No mobilisation, no escalation from our side: Mukherjee
NI Wire
New Delhi
Wed, 31 Dec 2008:
External Affairs Minister Pranab Mukherjee denying the Pakistani charges outrightly said on Tuesday that there is no question of escalating tensions on part of India. There is no mobilisation of Indian forces on the Indo-Pak border, except the patrolling that has been increased on both sides.
“The queson of de-escalation comes after there is escalation.
First, there should be escalation from our side, and then the question of de-escalation will come. Neither we have created any tension nor escalated anything,” Mukherjee said on Tuesday, responding to the Pak Foreign Minister’s demand that India should de-escalate.
There is no amassing of Indian troops on the border with Pakistan and there is no mobilisation, Mukherjee said, only normal winter exercises conducted every year had taken place.

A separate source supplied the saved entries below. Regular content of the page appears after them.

(* Let $\lambda\in(0,1]$ and let $F$ be a $\lambda$-regular distribution of a nonnegative random variable $X$ with finite mean $\mu>0$. Then posting the price $\mu$ satisfies \[\frac{\mathrm{OPT}(F)}{\mathrm{REV}(\mu;F)}\le(1-\lambda)^{-1/\lambda},\] where the right-hand side is interpreted as $+\infty$ for $\lambda=1$.
   Context: A continuous distribution $F$ with density $f$, supported on an interval $D_F$ of nonnegative reals, is $\lambda$-regular ($\lambda\in[0,1]$) if $\phi_\lambda(x)=\lambda x-\frac{1-F(x)}{f(x)}$ is nondecreasing on $D_F$. For a price $p\ge0$, $\mathrm{REV}(p;F)=p\Pr[X\ge p]$, and $\mathrm{OPT}(F)=\sup_{p\ge0}\mathrm{REV}(p;F)$ is the optimal revenue from selling one item to one buyer with value $X\sim F$. *)

theory Defs
  imports "HOL-Probability.Probability"
begin

definition dist_of :: "(real \<Rightarrow> real) \<Rightarrow> real measure" where
  "dist_of f = density lborel (\<lambda>x. ennreal (f x))"

definition cdf_of :: "(real \<Rightarrow> real) \<Rightarrow> real \<Rightarrow> real" where
  "cdf_of f x = measure (dist_of f) {..x}"

definition REV :: "(real \<Rightarrow> real) \<Rightarrow> real \<Rightarrow> real" where
  "REV f p = p * measure (dist_of f) {p..}"

definition OPT :: "(real \<Rightarrow> real) \<Rightarrow> real" where
  "OPT f = (SUP p\<in>{0..}. REV f p)"

definition lambda_regular :: "real \<Rightarrow> (real \<Rightarrow> real) \<Rightarrow> real set \<Rightarrow> bool" where
  "lambda_regular lam f D = mono_on D (\<lambda>x. lam * x - (1 - cdf_of f x) / f x)"

end

theory Submission
  imports Defs
begin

There is no tension at all and it proves as we have repatriated 66 Pakistanis imprisoned for visa violations to their home country as a goodwill gesture on the eve of the New Year.
Mukherjee, however, asked Pakistan to back off from creating war hysteria and urged it to act against the perpetrators of the Mumbai carnage instead as this would only lead to the resumption of dialogue between the two countries.
The external affairs minister also asked Pakistan to fulfil its commitments not allowing its territory for operating terrorist activities against India, and act on the evidence India gives to it. “And there has to be credible evidence that they are acting on it,” he added.
He though rejected suggestions like recall of its High Commissioner from Pakistan and economic sanction against it, said that there couldn’t be ‘normal business’ with Pakistan unless it concedes to our just demands. “I do feel still we should continue to put pressure diplomatically through international community to achieve our objectives,” added Mukherjee.
Earlier on Tuesday, Pakistani Foreign Minister Shah Mehmood Qureshi also said there had been some positive developments, like direct contact between the DGMOs of India and Pakistan, during past 48 hours, which helped to de-escalate tensions with India.
In another development, any higher authority from Pakistan admitted for the first time that the perpetrators of the Mumbai assault could be Pakistani nationals.
Pakistan's National Security Adviser Mahmud Ali Durrani told a news channel in an interview “there could be…that’s all I will say right now while the investigations are still going on.”
NSAs comment is significant as Pakistan has officially denied so far any link with the Mumbai terror attacks and also has denied to acknowledge Mohammad Azmal Kasab, the lone survival terrorist in the Indian custody, as Pakistani national, even after a letter —saying he and other nine gunmen who attacked Mumbai are from Pakistan — written by him forwarded to the Pakistani authorities in this regard.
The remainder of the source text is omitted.